-- SUPPLIED DATA follows --

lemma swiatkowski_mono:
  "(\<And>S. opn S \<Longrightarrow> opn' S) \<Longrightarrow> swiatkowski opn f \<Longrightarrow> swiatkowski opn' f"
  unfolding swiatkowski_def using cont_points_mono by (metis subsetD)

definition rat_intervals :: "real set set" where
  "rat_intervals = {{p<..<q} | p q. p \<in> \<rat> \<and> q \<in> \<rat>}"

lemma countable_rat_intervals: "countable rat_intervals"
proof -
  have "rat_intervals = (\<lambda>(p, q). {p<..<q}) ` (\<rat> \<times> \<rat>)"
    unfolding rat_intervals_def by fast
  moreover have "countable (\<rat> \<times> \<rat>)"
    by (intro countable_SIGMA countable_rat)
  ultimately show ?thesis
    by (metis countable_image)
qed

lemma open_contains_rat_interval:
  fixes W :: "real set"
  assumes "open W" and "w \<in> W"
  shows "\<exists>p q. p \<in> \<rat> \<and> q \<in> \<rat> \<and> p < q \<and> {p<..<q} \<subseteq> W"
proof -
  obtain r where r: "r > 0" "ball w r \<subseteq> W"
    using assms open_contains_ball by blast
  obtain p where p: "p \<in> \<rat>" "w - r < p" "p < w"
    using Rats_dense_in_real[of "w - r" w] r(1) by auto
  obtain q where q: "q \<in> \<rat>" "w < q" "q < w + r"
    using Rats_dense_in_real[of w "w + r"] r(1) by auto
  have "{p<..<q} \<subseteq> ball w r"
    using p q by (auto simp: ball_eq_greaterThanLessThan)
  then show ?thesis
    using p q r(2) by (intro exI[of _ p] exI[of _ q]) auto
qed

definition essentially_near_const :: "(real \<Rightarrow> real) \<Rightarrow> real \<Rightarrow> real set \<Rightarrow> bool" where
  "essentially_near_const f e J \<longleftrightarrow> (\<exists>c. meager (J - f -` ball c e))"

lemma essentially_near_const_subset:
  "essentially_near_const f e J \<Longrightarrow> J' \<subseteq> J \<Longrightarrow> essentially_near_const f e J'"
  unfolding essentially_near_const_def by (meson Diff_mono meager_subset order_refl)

-- SUPPLIED DATA concluded --

- **EXERCISE REQUIREMENTS**:
Every line of the data is to be retyped without alteration.

- **FINISHED EXERCISE**:
lemma swiatkowski_mono:
  "(\<And>S. opn S \<Longrightarrow> opn' S) \<Longrightarrow> swiatkowski opn f \<Longrightarrow> swiatkowski opn' f"
  unfolding swiatkowski_def using cont_points_mono by (metis subsetD)

definition rat_intervals :: "real set set" where
  "rat_intervals = {{p<..<q} | p q. p \<in> \<rat> \<and> q \<in> \<rat>}"

lemma countable_rat_intervals: "countable rat_intervals"
proof -
  have "rat_intervals = (\<lambda>(p, q). {p<..<q}) ` (\<rat> \<times> \<rat>)"
    unfolding rat_intervals_def by fast
  moreover have "countable (\<rat> \<times> \<rat>)"
    by (intro countable_SIGMA countable_rat)
  ultimately show ?thesis
    by (metis countable_image)
qed

lemma open_contains_rat_interval:
  fixes W :: "real set"
  assumes "open W" and "w \<in> W"
  shows "\<exists>p q. p \<in> \<rat> \<and> q \<in> \<rat> \<and> p < q \<and> {p<..<q} \<subseteq> W"
proof -
  obtain r where r: "r > 0" "ball w r \<subseteq> W"
    using assms open_contains_ball by blast
  obtain p where p: "p \<in> \<rat>" "w - r < p" "p < w"
    using Rats_dense_in_real[of "w - r" w] r(1) by auto
  obtain q where q: "q \<in> \<rat>" "w < q" "q < w + r"
    using Rats_dense_in_real[of w "w + r"] r(1) by auto
  have "{p<..<q} \<subseteq> ball w r"
    using p q by (auto simp: ball_eq_greaterThanLessThan)
  then show ?thesis
    using p q r(2) by (intro exI[of _ p] exI[of _ q]) auto
qed

definition essentially_near_const :: "(real \<Rightarrow> real) \<Rightarrow> real \<Rightarrow> real set \<Rightarrow> bool" where
  "essentially_near_const f e J \<longleftrightarrow> (\<exists>c. meager (J - f -` ball c e))"

lemma essentially_near_const_subset:
  "essentially_near_const f e J \<Longrightarrow> J' \<subseteq> J \<Longrightarrow> essentially_near_const f e J'"
  unfolding essentially_near_const_def by (meson Diff_mono meager_subset order_refl)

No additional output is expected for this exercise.